I guess the last question is what are you excited about today?

Dr. John Agwunobi

Yeah, I think in the same way that science excites me every time it comes up with something new, I'm also very excited about HSCSN. HSCSN is an example of policy innovation. I think if HSCSN has a risk, it's that it's when you're 30 years old. You have enough history that it becomes hard to learn new things. You know, old dogs don't learn tricks quite as easily as young dogs, but I am excited by the fact that the journey continues that, as you described, that HSCSN continues to innovate.

HSCSN is a healthcare system that continues its journey. It hasn't stopped trying to get better. There's this constant effort to try to make things better.

In terms of the next 100 years of healthcare in the United States in terms of children's care in DC, I am extraordinarily excited because it's a dynamic space.

It's moving. It's evolving and we're learning now. We're learning what works. We're learning what doesn't.

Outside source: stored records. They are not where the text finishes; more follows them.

definition sdiv :: "('d::finite stpt \<Rightarrow> real^'d) \<Rightarrow> 'd stpt \<Rightarrow> real" where
  "sdiv u z = (\<Sum>i\<in>UNIV. pdx i (\<lambda>y. u y $ i) z)"

definition grad_inner :: "('d::finite stpt \<Rightarrow> real^'d) \<Rightarrow> ('d stpt \<Rightarrow> real^'d) \<Rightarrow> 'd stpt \<Rightarrow> real" where
  "grad_inner u v z = (\<Sum>i\<in>UNIV. \<Sum>j\<in>UNIV. pdx j (\<lambda>y. u y $ i) z * pdx j (\<lambda>y. v y $ i) z)"

definition dnormal :: "('d::finite stpt \<Rightarrow> real^'d) \<Rightarrow> real^'d \<Rightarrow> 'd stpt \<Rightarrow> real^'d" where
  "dnormal u n z = (\<chi> i. \<Sum>j\<in>UNIV. pdx j (\<lambda>y. u y $ i) z * n $ j)"

definition dtime :: "('d::finite stpt \<Rightarrow> real^'d) \<Rightarrow> 'd stpt \<Rightarrow> real^'d" where
  "dtime v z = (\<chi> i. pdt (\<lambda>y. v y $ i) z)"

definition conv_term :: "('d::finite stpt \<Rightarrow> real^'d) \<Rightarrow> ('d stpt \<Rightarrow> real^'d) \<Rightarrow> ('d stpt \<Rightarrow> real^'d) \<Rightarrow> 'd stpt \<Rightarrow> real" where
  "conv_term u w v z = (\<Sum>i\<in>UNIV. \<Sum>j\<in>UNIV. u z $ i * w z $ j * pdx j (\<lambda>y. v y $ i) z)"

definition verts :: "'d::finite stpt set \<Rightarrow> 'd stpt set" where
  "verts K = {x. x extreme_point_of K}"

definition st_simplex :: "'d::finite stpt set \<Rightarrow> bool" where
  "st_simplex K \<longleftrightarrow> (\<exists>V. finite V \<and> card V = CARD('d) + 2 \<and> \<not> affine_dependent V \<and> K = convex hull V)"

definition facets :: "'d::finite stpt set \<Rightarrow> 'd stpt set set" where
  "facets K = {convex hull (verts K - {v}) | v. v \<in> verts K}"

definition onormal :: "'d::finite stpt set \<Rightarrow> 'd stpt set \<Rightarrow> 'd stpt" where
  "onormal K S = (THE \<nu>. norm \<nu> = 1 \<and> (\<forall>y\<in>K. \<forall>p\<in>S. \<nu> \<bullet> (y - p) \<le> 0))"

definition nt :: "'d::finite stpt set \<Rightarrow> 'd stpt set \<Rightarrow> real" where
  "nt K S = fst (onormal K S)"

definition nx :: "'d::finite stpt set \<Rightarrow> 'd stpt set \<Rightarrow> real^'d" where
  "nx K S = snd (onormal K S)"

text \<open>Surface integral over a flat d-simplex S in R^(d+1) (d-dimensional Hausdorff measure),
  via an affine parametrisation over the reference simplex with Gram determinant factor.\<close>
definition fint :: "'d::finite stpt set \<Rightarrow> ('d stpt \<Rightarrow> real) \<Rightarrow> real" where
  "fint S f = (let W = verts S;
                   p0 = (SOME p. p \<in> W);
                   e = (SOME e :: 'd \<Rightarrow> 'd stpt. bij_betw e UNIV (W - {p0}));
                   \<phi> = (\<lambda>y :: real^'d. p0 + (\<Sum>i\<in>UNIV. (y $ i) *\<^sub>R (e i - p0)));
                   G = (\<chi> i j. (e i - p0) \<bullet> (e j - p0)) :: real^'d^'d
               in sqrt (det G) *
                  integral {y :: real^'d. (\<forall>i. 0 \<le> y $ i) \<and> (\<Sum>i\<in>UNIV. y $ i) \<le> 1} (\<lambda>y. f (\<phi> y)))"

definition Qfacets :: "'d::finite stpt set \<Rightarrow> 'd stpt set set" where
  "Qfacets K = {S \<in> facets K. \<bar>nt K S\<bar> \<noteq> 1}"

definition bot_facets :: "'d::finite stpt set \<Rightarrow> 'd stpt set set" where
  "bot_facets K = {S \<in> facets K. nt K S = -1}"

definition top_facets :: "'d::finite stpt set \<Rightarrow> 'd stpt set set" where
  "top_facets K = {S \<in> facets K. nt K S = 1}"

definition cells_of :: "'d::finite stpt set set \<Rightarrow> 'd stpt set \<Rightarrow> 'd stpt set set" where
  "cells_of T S = {K \<in> T. S \<in> facets K}"

definition Fn :: "'d::finite stpt set set \<Rightarrow> 'd stpt set set" where
  "Fn T = (\<Union>K\<in>T. Qfacets K)"

definition FI :: "'d::finite stpt set set \<Rightarrow> 'd stpt set set" where
  "FI T = {S \<in> Fn T. card (cells_of T S) = 2}"

definition FB :: "'d::finite stpt set set \<Rightarrow> 'd stpt set set" where
  "FB T = {S \<in> Fn T. card (cells_of T S) = 1}"

definition st_mesh :: "'d::finite stpt set set \<Rightarrow> real \<Rightarrow> real \<Rightarrow> bool" where
  "st_mesh T tn tn1 \<longleftrightarrow> finite T \<and> T \<noteq> {} \<and> tn < tn1 \<and>
     (\<forall>K\<in>T. st_simplex K) \<and>
     (\<forall>K\<in>T. \<forall>K'\<in>T. K \<noteq> K' \<longrightarrow> K \<inter> K' = convex hull (verts K \<inter> verts K')) \<and>
     (\<forall>K\<in>T. \<forall>z\<in>K. tn \<le> fst z \<and> fst z \<le> tn1) \<and>
     (\<forall>K\<in>T. \<forall>S\<in>bot_facets K. \<forall>z\<in>S. fst z = tn) \<and>
     (\<forall>K\<in>T. \<forall>S\<in>top_facets K. \<forall>z\<in>S. fst z = tn1)"

definition Vstar :: "nat \<Rightarrow> 'd::finite stpt set set \<Rightarrow> 'd stpt set set \<Rightarrow>
    ('d stpt set \<Rightarrow> 'd stpt \<Rightarrow> real^'d) \<Rightarrow> ('d stpt set \<Rightarrow> 'd stpt \<Rightarrow> real^'d) \<Rightarrow> bool" where
  "Vstar k T FD v vb \<longleftrightarrow> (\<forall>K\<in>T. vpoly_fun k (v K)) \<and> (\<forall>S\<in>Fn T. vpoly_fun k (vb S)) \<and>
     (\<forall>S\<in>FD. \<forall>z\<in>S. vb S z = 0)"

definition Qstar :: "nat \<Rightarrow> 'd::finite stpt set set \<Rightarrow>
    ('d stpt set \<Rightarrow> 'd stpt \<Rightarrow> real) \<Rightarrow> ('d stpt set \<Rightarrow> 'd stpt \<Rightarrow> real) \<Rightarrow> bool" where
  "Qstar k T q qb \<longleftrightarrow> (\<forall>K\<in>T. poly_fun (k - 1) (q K)) \<and> (\<forall>S\<in>Fn T. poly_fun k (qb S))"

definition a_form :: "'d::finite stpt set set \<Rightarrow> real \<Rightarrow> real \<Rightarrow>
    ('d stpt set \<Rightarrow> 'd stpt \<Rightarrow> real^'d) \<Rightarrow> ('d stpt set \<Rightarrow> 'd stpt \<Rightarrow> real^'d) \<Rightarrow>
    ('d stpt set \<Rightarrow> 'd stpt \<Rightarrow> real^'d) \<Rightarrow> ('d stpt set \<Rightarrow> 'd stpt \<Rightarrow> real^'d) \<Rightarrow> real" where
  "a_form T nu alpha u ub v vb =
     (\<Sum>K\<in>T. integral K (\<lambda>z. nu * grad_inner (u K) (v K) z))
   + (\<Sum>K\<in>T. \<Sum>S\<in>Qfacets K. fint S (\<lambda>z. nu * alpha / diameter K * ((u K z - ub S z) \<bullet> (v K z - vb S z))))
   - (\<Sum>K\<in>T. \<Sum>S\<in>Qfacets K. fint S (\<lambda>z. nu * ((u K z - ub S z) \<bullet> dnormal (v K) (nx K S) z
                                                 + dnormal (u K) (nx K S) z \<bullet> (v K z - vb S z))))"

Ultimately, I think that's going to guarantee that HSCSN is beautiful today and in the future for our children and grandchildren.

Deborah Wilson

Absolutely. I agree with you.

I think that's the end of my questions. Is there anything that you want to share that we haven't discussed in the interview?

Dr. John Agwunobi

I encourage the HSCSN staff to take a moment to reflect on their accomplishments over the past 30 years. The impact they've had on countless lives is profound. Many of the children we supported are now adults with families of their own, illustrating the lasting legacy of HSCSN. I would urge the staff of HSCSN to stop one day and just celebrate.

Celebrate not what you did yesterday, but what you've done over the last three decades has been dramatic. The experiment that became an important pillar within the DC infrastructure, the DC village. Congratulations!

Deborah Wilson

Thank you so much for your time, Dr. John. I appreciate the interview.